# [Source material]
definition adjoint_mat :: "complex ^ 'n ^ 'n \<Rightarrow> complex ^ 'n ^ 'n" where
  "adjoint_mat A = (\<chi> i j. cnj (A $ j $ i))"

definition positive_op :: "complex ^ 'n ^ 'n \<Rightarrow> bool" where
  "positive_op A \<longleftrightarrow> (\<forall>v :: complex ^ 'n.
     (\<Sum>i\<in>UNIV. cnj (v $ i) * (A *v v) $ i) \<in> \<real> \<and>
     0 \<le> Re (\<Sum>i\<in>UNIV. cnj (v $ i) * (A *v v) $ i))"

definition is_state :: "complex ^ 'n ^ 'n \<Rightarrow> bool" where
  "is_state A \<longleftrightarrow> positive_op A \<and> trace A = 1"

definition states :: "qqmat set" where
  "states = {\<rho>. is_state \<rho>}"

definition disentangled :: "qqmat set" where
  "disentangled = {\<rho>. \<rho> \<in> states \<and>
     (\<exists>(n::nat) (p :: nat \<Rightarrow> real) (\<rho>1 :: nat \<Rightarrow> qmat) (\<rho>2 :: nat \<Rightarrow> qmat).
        (\<forall>k<n. 0 \<le> p k \<and> is_state (\<rho>1 k) \<and> is_state (\<rho>2 k)) \<and>
        (\<Sum>k<n. p k) = 1 \<and>
        \<rho> = (\<Sum>k<n. p k *\<^sub>R tensor_mat (\<rho>1 k) (\<rho>2 k)))}"

definition hs_norm_sq :: "complex ^ 'n ^ 'n \<Rightarrow> real" where
  "hs_norm_sq A = Re (trace (adjoint_mat A ** A))"

definition E_HS :: "qqmat \<Rightarrow> real" where
  "E_HS \<sigma> = (INF \<rho>\<in>disentangled. hs_norm_sq (\<rho> - \<sigma>))"

definition proj_onto :: "complex ^ 'n \<Rightarrow> complex ^ 'n ^ 'n" where
  "proj_onto v = (\<chi> i j. v $ i * cnj (v $ j) / (\<Sum>k\<in>UNIV. of_real ((cmod (v $ k))\<^sup>2)))"

end
(* Let $f\in(0,1)$ be a target frequency, $\epsilon>0$, $K,P\in\mathbb{Z}_{\ge1}$, and $\eta_g,\eta_s\in(0,1)$. Let $c$ be a candidate pattern whose true frequency $f_c\in[0,1]$ is the fraction of data owners whose local data contain $c$. Suppose $c$ has been responded to in $m_c\ge 1$ rounds, in each of which $P$ data owners respond, so $n_c=Pm_c$, and its accumulated response is $$r_c=\sum_{k=1}^{n_c} B_k+\sum_{\ell=1}^{m_c} G_\ell,$$ where $B_1,\dots,B_{n_c}$ are i.i.d. Bernoulli$(f_c)$ random variables (indicators that the sampled responding data owners contain $c$), $G_1,\dots,G_{m_c}$ are i.i.d. two-sided geometric random variables with parameter $\alpha=e^{-\epsilon/K}$, and the $B_k$ are independent of the $G_\ell$. Then $c$ is a frequent pattern (i.e. $f_c\ge f$) with confidence $(1-\eta_g)(1-\eta_s)$ when $$\frac{r_c}{n_c}-\sqrt{\frac{2e^{-\epsilon/K}}{2(1-e^{-\epsilon/K})^2P^2m_c\eta_g}}-\sqrt{\frac{\ln\eta_s}{-2n_c}}\ \ge\ f;$$ that is, with probability at least $(1-\eta_g)(1-\eta_s)$ one has $f_c\ge \frac{r_c}{n_c}-\sqrt{\frac{2e^{-\epsilon/K}}{2(1-e^{-\epsilon/K})^2P^2m_c\eta_g}}-\sqrt{\frac{\ln\eta_s}{-2n_c}}$, so that whenever the left-hand side of the displayed inequality is at least $f$, $f_c\ge f$.
   Context: A two-sided geometric random variable $G(\alpha)$, $\alpha\in(0,1)$, has $\mathbb{P}(G(\alpha)=x)=\frac{1-\alpha}{1+\alpha}\alpha^{|x|}$ for $x\in\mathbb{Z}$; it arises as the aggregate of the distributed Pólya noises added by the $P$ responders of a candidate in one round. A pattern is frequent if its frequency among the data owners is at least the target frequency $f$. *)

theory Defs
  imports "HOL-Probability.Probability"
begin

definition two_sided_geom_prob :: "real \<Rightarrow> int \<Rightarrow> real" where
  "two_sided_geom_prob \<alpha> x = (1 - \<alpha>) / (1 + \<alpha>) * \<alpha> ^ nat \<bar>x\<bar>"

end

theory Submission
  imports Defs
begin

(* Write t and s for the two square roots subtracted in the statement.  The response splits as
   r = B + G, where B sums the n Bernoulli indicators and G the m two-sided geometric noises;
   B and G are independent.  Hoeffding's inequality gives
   B < n (fc + s) except with probability exp (-2 n s^2) = eta_s.  Each noise is symmetric with
   second moment 2 alpha / (1 - alpha)^2, so G is symmetric with m times that second moment;
   symmetry halves the second-moment bound on |G|, which gives G < n t except with probability
   eta_g.  By independence both events hold with probability at least (1 - eta_g) (1 - eta_s),
   and on both of them r / n - t - s < fc. *)

lemma geometric_sums_times_n_squared:
  fixes c :: "'a::{banach,real_normed_field}"
  assumes "norm c < 1"
  shows "(\<lambda>n. c ^ n * of_nat n ^ 2) sums (c * (1 + c) / (1 - c) ^ 3)"
proof -
  have "1 - c \<noteq> 0"
    using assms by auto
  have "((\<lambda>z. z / (1 - z)\<^sup>2) has_field_derivative ((1 + c) / (1 - c) ^ 3)) (at c)"
  proof -
    define d where "d = 1 - c"
    have d: "c = 1 - d" "d \<noteq> 0"
      using \<open>1 - c \<noteq> 0\<close> by (simp_all add: d_def)
    show ?thesis
      apply (rule derivative_eq_intros refl)+
      unfolding d(1) by (simp add: d(2)) (simp add: d(2) field_simps eval_nat_numeral)
  qed
  then have "(\<lambda>n. diffs of_nat n * c ^ n) sums ((1 + c) / (1 - c) ^ 3)"
    using assms geometric_sums_times_n
    by (intro termdiffs_sums_strong[where K = 1]) (auto simp: mult.commute)
  then have "(\<lambda>n. c * (of_nat (Suc n) ^ 2 * c ^ n)) sums (c * ((1 + c) / (1 - c) ^ 3))"
    by (intro sums_mult) (simp add: diffs_def power2_eq_square)
  then have "(\<lambda>n. c ^ Suc n * of_nat (Suc n) ^ 2) sums (c * (1 + c) / (1 - c) ^ 3)"
    by (simp add: algebra_simps)
  then show ?thesis
    by (subst (asm) sums_Suc_iff) simp
qed

lemma nn_integral_nat_valued:
  fixes N :: "'a \<Rightarrow> nat" and g :: "nat \<Rightarrow> ennreal"
  assumes [measurable]: "N \<in> measurable M (count_space UNIV)"
  shows "(\<integral>\<^sup>+\<omega>. g (N \<omega>) \<partial>M) = (\<Sum>j. g j * emeasure M {\<omega>\<in>space M. N \<omega> = j})"
proof -
  have "(\<integral>\<^sup>+\<omega>. g (N \<omega>) \<partial>M) = (\<integral>\<^sup>+\<omega>. (\<Sum>j. g j * indicator {\<omega>\<in>space M. N \<omega> = j} \<omega>) \<partial>M)"
  proof (intro nn_integral_cong)
    fix \<omega> assume "\<omega> \<in> space M"
    then have "(\<lambda>j. g j * indicator {\<omega>\<in>space M. N \<omega> = j} \<omega>) = (\<lambda>j. if j = N \<omega> then g j else 0)"
      by (auto simp: fun_eq_iff)
    then show "g (N \<omega>) = (\<Sum>j. g j * indicator {\<omega>\<in>space M. N \<omega> = j} \<omega>)"
      using sums_single[of "N \<omega>" g] by (simp add: sums_iff)
  qed
  also have "\<dots> = (\<Sum>j. g j * emeasure M {\<omega>\<in>space M. N \<omega> = j})"
    by (simp add: nn_integral_suminf nn_integral_cmult_indicator)
  finally show ?thesis .
qed

lemma two_sided_geom_prob_uminus [simp]:
  "two_sided_geom_prob \<alpha> (- x) = two_sided_geom_prob \<alpha> x"
  by (simp add: two_sided_geom_prob_def)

# [Exercise instructions]
With the line containing "fix \<omega> assume" as the first and the last line of the data as the final one, copy every line between them exactly, those two included.

# [Reply to the task]
    fix \<omega> assume "\<omega> \<in> space M"
    then have "(\<lambda>j. g j * indicator {\<omega>\<in>space M. N \<omega> = j} \<omega>) = (\<lambda>j. if j = N \<omega> then g j else 0)"
      by (auto simp: fun_eq_iff)
    then show "g (N \<omega>) = (\<Sum>j. g j * indicator {\<omega>\<in>space M. N \<omega> = j} \<omega>)"
      using sums_single[of "N \<omega>" g] by (simp add: sums_iff)
  qed
  also have "\<dots> = (\<Sum>j. g j * emeasure M {\<omega>\<in>space M. N \<omega> = j})"
    by (simp add: nn_integral_suminf nn_integral_cmult_indicator)
  finally show ?thesis .
qed

lemma two_sided_geom_prob_uminus [simp]:
  "two_sided_geom_prob \<alpha> (- x) = two_sided_geom_prob \<alpha> x"
  by (simp add: two_sided_geom_prob_def)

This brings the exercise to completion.